Reader in The City Law School, Dr Enrico Bonadio, is of the view that with machines learning to mimic human creativity, the copyright world has accordingly entered into AI-driven unchartered territory.
Speaking at a recent seminar on ‘Algorithmic art and copyright’ hosted by the Business School (formerly Cass)'s Centre for Creativity Enabled by AI, Reader in The City Law School, Dr Enrico Bonadio, stated that artificial intelligence can create art in its own right- refuting the notion that computers are merely tools for creating art.
Dr Bonadio says art, music and literature are increasingly created by machines and robots. He cites the $432,500 sale of the AI-created portrait Portrait of Edmond Belamy by Christie’s in October 2018 and Jukedeck, a program which employs machine learning to train algorithms that understand the rules of music theory and is able to create music.
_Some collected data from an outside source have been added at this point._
text \<open>The indices drawn before step \<open>m\<close>, most recent first.\<close>

definition history :: "nat \<Rightarrow> 'a \<Rightarrow> 'b list" where
  "history m \<omega> = map (\<lambda>j. I j \<omega>) (rev [0..<m])"

lemma history_Suc: "history (Suc m) \<omega> = I m \<omega> # history m \<omega>"
  by (simp add: history_def)

lemma length_history [simp]: "length (history m \<omega>) = m"
  by (simp add: history_def)

lemma history_nth: "j < m \<Longrightarrow> rev (history m \<omega>) ! j = I j \<omega>"
  by (simp add: history_def rev_map)

lemma history_eq_iff:
  assumes "length ws = m"
  shows "history m \<omega> = ws \<longleftrightarrow> (\<forall>j<m. I j \<omega> = rev ws ! j)"
proof -
  have "history m \<omega> = ws \<longleftrightarrow> rev (history m \<omega>) = rev ws" by simp
  also have "\<dots> \<longleftrightarrow> (\<forall>j<m. I j \<omega> = rev ws ! j)"
    using assms by (simp add: list_eq_iff_nth_eq history_nth)
  finally show ?thesis .
qed

lemma I_measurable: "I k \<in> M \<rightarrow>\<^sub>M count_space UNIV"
  using indep unfolding indep_vars_def2 by auto

lemma I_event: "{\<omega> \<in> space M. I k \<omega> = c} = I k -` {c} \<inter> space M"
  by auto

lemma prob_I: "prob {\<omega> \<in> space M. I k \<omega> = c} = 1 / real CARD('b)"
proof -
  have "emeasure M {\<omega> \<in> space M. I k \<omega> = c} = emeasure (distr M (count_space UNIV) (I k)) {c}"
    unfolding I_event by (rule emeasure_distr[symmetric]) (auto intro: I_measurable)
  also have "\<dots> = ennreal (1 / real CARD('b))"
    by (simp add: uniform emeasure_pmf_single pmf_of_set)
  finally show ?thesis by (simp add: emeasure_eq_measure)
qed

lemma history_event:
  assumes "ws \<noteq> []"
  shows "{\<omega> \<in> space M. history (length ws) \<omega> = ws}
           = (\<Inter>j\<in>{..<length ws}. {\<omega> \<in> space M. I j \<omega> = rev ws ! j})"
  using assms by (auto simp: history_eq_iff)

lemma I_event_sets: "{\<omega> \<in> space M. I j \<omega> = c} \<in> sets M"
  unfolding I_event by (rule measurable_sets[OF I_measurable]) simp

lemma history_event_sets: "{\<omega> \<in> space M. history (length ws) \<omega> = ws} \<in> sets M"
proof (cases "ws = []")
  case False
  then have "{..<length ws} \<noteq> {}" by (simp add: lessThan_empty_iff)
  then show ?thesis
    unfolding history_event[OF False] by (rule sets.finite_INT[OF finite_lessThan]) (simp_all add: I_event_sets)
qed (simp add: history_def)

lemma prob_history: "prob {\<omega> \<in> space M. history (length ws) \<omega> = ws} = (1 / real CARD('b)) ^ length ws"
proof (cases "ws = []")
  case False
  define A where "A j = {\<omega> \<in> space M. I j \<omega> = rev ws ! j}" for j
  have indep_sets: "indep_sets (\<lambda>i. {I i -` B \<inter> space M | B. B \<in> sets (count_space UNIV)}) UNIV"
    using indep unfolding indep_vars_def2 by blast
  have "A j \<in> {I j -` B \<inter> space M | B. B \<in> sets (count_space UNIV)}" for j
    unfolding A_def I_event by (intro CollectI exI[of _ "{rev ws ! j}"]) simp
  moreover have "{..<length ws} \<noteq> {}" using False by (simp add: lessThan_empty_iff)
  ultimately have "prob (\<Inter>j\<in>{..<length ws}. A j) = (\<Prod>j\<in>{..<length ws}. prob (A j))"
    by (intro indep_setsD[OF indep_sets]) auto
  then show ?thesis
    unfolding history_event[OF False] A_def[symmetric] by (simp add: A_def prob_I)
qed (simp add: history_def prob_space)

lemma history_measurable: "history m \<in> M \<rightarrow>\<^sub>M count_space UNIV"
  unfolding measurable_count_space_eq2_countable
proof (intro conjI ballI)
  fix ws :: "'b list"
  show "history m -` {ws} \<inter> space M \<in> sets M"
  proof (cases "length ws = m")
    case True
    then have "history m -` {ws} \<inter> space M = {\<omega> \<in> space M. history (length ws) \<omega> = ws}"
      by auto
    then show ?thesis using history_event_sets by simp
  next
    case False
    then have "history m -` {ws} \<inter> space M = {}" by auto
    then show ?thesis by simp
  qed
qed simp

definition words :: "nat \<Rightarrow> 'b list set" where
  "words m = {ws. length ws = m}"

lemma finite_words: "finite (words m)"
  using finite_lists_length_eq[of "UNIV :: 'b set" m] by (simp add: words_def)

lemma words_Suc: "words (Suc m) = (\<lambda>(ws, i). i # ws) ` (words m \<times> UNIV)"
  using lists_length_Suc_eq[of "UNIV :: 'b set" m] by (simp add: words_def)

lemma nn_integral_history:
  "(\<integral>\<^sup>+\<omega>. G (history m \<omega>) \<partial>M) = (\<Sum>ws\<in>words m. G ws) * ennreal ((1 / real CARD('b)) ^ m)"
proof -
  define E where "E ws = {\<omega> \<in> space M. history (length ws) \<omega> = ws}" for ws
  have "G (history m \<omega>) = (\<Sum>ws\<in>words m. G ws * indicator (E ws) \<omega>)" if "\<omega> \<in> space M" for \<omega>
  proof -
    have "(\<Sum>ws\<in>words m. G ws * indicator (E ws) \<omega>) = (\<Sum>ws\<in>words m. if ws = history m \<omega> then G ws else 0)"
      using that by (intro sum.cong refl) (auto simp: E_def words_def)
    then show ?thesis using finite_words[of m] by (simp add: words_def)
  qed
  then have "(\<integral>\<^sup>+\<omega>. G (history m \<omega>) \<partial>M) = (\<integral>\<^sup>+\<omega>. (\<Sum>ws\<in>words m. G ws * indicator (E ws) \<omega>) \<partial>M)"
    by (intro nn_integral_cong) simp
  also have "\<dots> = (\<Sum>ws\<in>words m. \<integral>\<^sup>+\<omega>. G ws * indicator (E ws) \<omega> \<partial>M)"
    using history_event_sets by (intro nn_integral_sum) (auto simp: E_def)
  also have "\<dots> = (\<Sum>ws\<in>words m. G ws * ennreal ((1 / real CARD('b)) ^ m))"
  proof (intro sum.cong refl)
    fix ws assume "ws \<in> words m"
    then have "length ws = m" by (simp add: words_def)
    then show "(\<integral>\<^sup>+\<omega>. G ws * indicator (E ws) \<omega> \<partial>M) = G ws * ennreal ((1 / real CARD('b)) ^ m)"
      unfolding E_def using nn_integral_cmult_indicator[OF history_event_sets, of "G ws" ws]
        prob_history[of ws]
      by (simp add: emeasure_eq_measure)
  qed
  finally show ?thesis by (simp add: sum_distrib_right)
qed

definition iterate_of :: "nat \<Rightarrow> 'b list \<Rightarrow> real^'n" where
  "iterate_of k ws = rcd_seq f g h L blk x0 (\<lambda>j. rev ws ! j) k"

lemma rcd_seq_prefix:
  "(\<And>j. j < k \<Longrightarrow> a j = b j) \<Longrightarrow> rcd_seq f g h L blk x0 a k = rcd_seq f g h L blk x0 b k"
  by (induction k) auto

lemma iterate_history: "iterate \<omega> k = iterate_of k (history k \<omega>)"
  unfolding iterate_def iterate_of_def by (rule rcd_seq_prefix) (simp add: history_nth)

lemma measurable_of_history: "(\<lambda>\<omega>. G (history m \<omega>)) \<in> borel_measurable M"
  by (rule measurable_compose[OF history_measurable]) simp

definition taken_step_sq :: "'a \<Rightarrow> nat \<Rightarrow> real" where
  "taken_step_sq \<omega> k = L (I k \<omega>) * (norm (rcd_dir f g h L blk (iterate \<omega> k) (I k \<omega>)))\<^sup>2"

lemma taken_step_sq_nonneg: "taken_step_sq \<omega> k \<ge> 0"
  unfolding taken_step_sq_def by (intro mult_nonneg_nonneg) (auto intro: less_imp_le[OF L_pos])

text \<open>The key identity of the paper: since \<open>I k\<close> is uniform and independent of \<open>x\<^sub>k\<close>, the
  expected size of the step taken is a \<open>1/N\<close> fraction of the expected size of all block steps,
  \<open>E[M\<^sub>1(x\<^sub>k,L)\<^sup>2] = N E[L\<^sub>i\<^sub>k \<parallel>d\<^sub>i\<^sub>k\<parallel>\<^sup>2]\<close>.\<close>

lemma expected_block_steps:
  "(\<integral>\<^sup>+\<omega>. block_steps_sq (iterate \<omega> k) \<partial>M) = ennreal (real CARD('b)) * (\<integral>\<^sup>+\<omega>. taken_step_sq \<omega> k \<partial>M)"
proof -
  define S where "S = (\<Sum>ws\<in>words k. ennreal (block_steps_sq (iterate_of k ws)))"
  define G where "G ws = ennreal (L (hd ws) * (norm (rcd_dir f g h L blk (iterate_of k (tl ws)) (hd ws)))\<^sup>2)" for ws
  have full: "(\<integral>\<^sup>+\<omega>. block_steps_sq (iterate \<omega> k) \<partial>M) = S * ennreal ((1 / real CARD('b)) ^ k)"
    unfolding iterate_history S_def by (rule nn_integral_history)
  have "(\<integral>\<^sup>+\<omega>. taken_step_sq \<omega> k \<partial>M) = (\<integral>\<^sup>+\<omega>. G (history (Suc k) \<omega>) \<partial>M)"
    by (simp add: G_def taken_step_sq_def history_Suc iterate_history)
  also have "\<dots> = (\<Sum>ws\<in>words (Suc k). G ws) * ennreal ((1 / real CARD('b)) ^ Suc k)"
    by (rule nn_integral_history)
  also have "(\<Sum>ws\<in>words (Suc k). G ws) = (\<Sum>ws\<in>words k. \<Sum>i\<in>UNIV. G (i # ws))"
    unfolding words_Suc sum.reindex[OF inj_split_Cons]
    by (simp add: sum.cartesian_product prod.case_distrib)
  also have "\<dots> = S"
    unfolding S_def G_def block_steps_sq_def
    by (intro sum.cong refl) (simp add: sum_ennreal less_imp_le[OF L_pos])
  finally have taken: "(\<integral>\<^sup>+\<omega>. taken_step_sq \<omega> k \<partial>M) = S * ennreal ((1 / real CARD('b)) ^ Suc k)" .
  have "ennreal (real CARD('b)) * ennreal ((1 / real CARD('b)) ^ Suc k) = ennreal ((1 / real CARD('b)) ^ k)"
    by (simp flip: ennreal_mult)
  then show ?thesis unfolding full taken by (simp add: mult_ac)
qed


lemma F_iterate_decrease:
  "f (iterate \<omega> (Suc k)) + h (iterate \<omega> (Suc k)) \<le> f (iterate \<omega> k) + h (iterate \<omega> k) - taken_step_sq \<omega> k / 4"
  using sufficient_decrease[of "iterate \<omega> k" "I k \<omega>"] by (simp add: iterate_def taken_step_sq_def)

lemma taken_steps_bounded:
  obtains C where "C \<ge> 0" "\<And>\<omega> K. (\<Sum>k<K. taken_step_sq \<omega> k) \<le> C"
proof -
  obtain B where B: "\<And>x. B \<le> f x + h x" using F_bdd by (auto simp: bdd_below_def)
  have telescoped: "(\<Sum>k<K. taken_step_sq \<omega> k) \<le> 4 * (f x0 + h x0 - (f (iterate \<omega> K) + h (iterate \<omega> K)))"
    for \<omega> K
  proof (induction K)
    case 0 then show ?case by (simp add: iterate_def)
  next
    case (Suc K) then show ?case using F_iterate_decrease[of \<omega> K] by simp
  qed
  have "(\<Sum>k<K. taken_step_sq \<omega> k) \<le> 4 * (f x0 + h x0 - B)" for \<omega> K
    using telescoped[of \<omega> K] B[of "iterate \<omega> K"] by (smt (verit))
  moreover have "4 * (f x0 + h x0 - B) \<ge> 0" using B[of x0] by simp
  ultimately show thesis using that by blast
qed

text \<open>The size of the step taken is measurable: it is a function of the history of length
  \<open>k + 1\<close>.\<close>

lemma taken_step_sq_measurable: "(\<lambda>\<omega>. ennreal (taken_step_sq \<omega> k)) \<in> borel_measurable M"
proof -
  have "taken_step_sq \<omega> k = L (hd (history (Suc k) \<omega>))
      * (norm (rcd_dir f g h L blk (iterate_of k (tl (history (Suc k) \<omega>))) (hd (history (Suc k) \<omega>))))\<^sup>2"
    for \<omega> by (simp add: taken_step_sq_def history_Suc iterate_history)
  then show ?thesis
    using measurable_of_history[of "\<lambda>ws. ennreal (L (hd ws)
        * (norm (rcd_dir f g h L blk (iterate_of k (tl ws)) (hd ws)))\<^sup>2)" "Suc k"]
    by simp
qed

lemma expected_taken_steps_finite: "(\<Sum>k. \<integral>\<^sup>+\<omega>. taken_step_sq \<omega> k \<partial>M) < \<infinity>"
proof -
  obtain C where C: "C \<ge> 0" "\<And>\<omega> K. (\<Sum>k<K. taken_step_sq \<omega> k) \<le> C"
    using taken_steps_bounded by blast
  have "(\<Sum>k. ennreal (taken_step_sq \<omega> k)) \<le> ennreal C" for \<omega>
    unfolding suminf_eq_SUP
  proof (rule SUP_least)
    fix K
    show "(\<Sum>k<K. ennreal (taken_step_sq \<omega> k)) \<le> ennreal C"
      using C(2)[of \<omega> K] by (simp add: sum_ennreal taken_step_sq_nonneg ennreal_leI)
  qed
  then have "(\<integral>\<^sup>+\<omega>. (\<Sum>k. ennreal (taken_step_sq \<omega> k)) \<partial>M) \<le> (\<integral>\<^sup>+\<omega>. ennreal C \<partial>M)"
    by (intro nn_integral_mono)
  also have "\<dots> = ennreal C" by (simp add: emeasure_space_1)
  finally show ?thesis
    by (simp add: nn_integral_suminf taken_step_sq_measurable order.strict_trans1)
qed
“Customers can set parameters, such as music genre (e.g., jazz, blues, rock, ambient, chillout, etc.), main instruments, length of the tune, and its speed (e.g., up-tempo, low-tempo). The track is then composed in around 20 seconds, and made available to customers as an MP3 file; or the Cybernetic Poet, software which allows a computer to write poetry by adopting style and vocabularies of human poets (this technology is also protected by a US patent).”
Dr Bonadio says that “if such musical, literary and artistic expressions were created by humans, no one would object to them being considered as copyrighted works.”
They are certainly capable of captivating an audience and stimulating emotions and intellects in a similar fashion to works of music, literature or art produced by human beings. Yet, these outputs are generated in large part (and sometimes almost entirely) by machines – and the human being(s) who triggered the automated process that lead to the creation of the expression have often no idea how the ultimate work will look or sound. In other words, this ‘unforeseeability’ feature seems to break the causal link between humans who create or use these machines and the final output produced by the latter.
He goes on further:
“As machines have quickly learned to mimic human creativity, the copyright world has accordingly entered into AI-driven unchartered territory. Are and should AI-created works be protected by copyright? How do we answer the question of authorship (and ownership)? To what extent the use of data fed into the system, for example to train the algorithms, may amount to copyright infringement, or may in certain circumstances be exempted under fair use, fair dealing or similar doctrines? These issues must still find adequate answers – and the law does not seem prepared to address them yet.”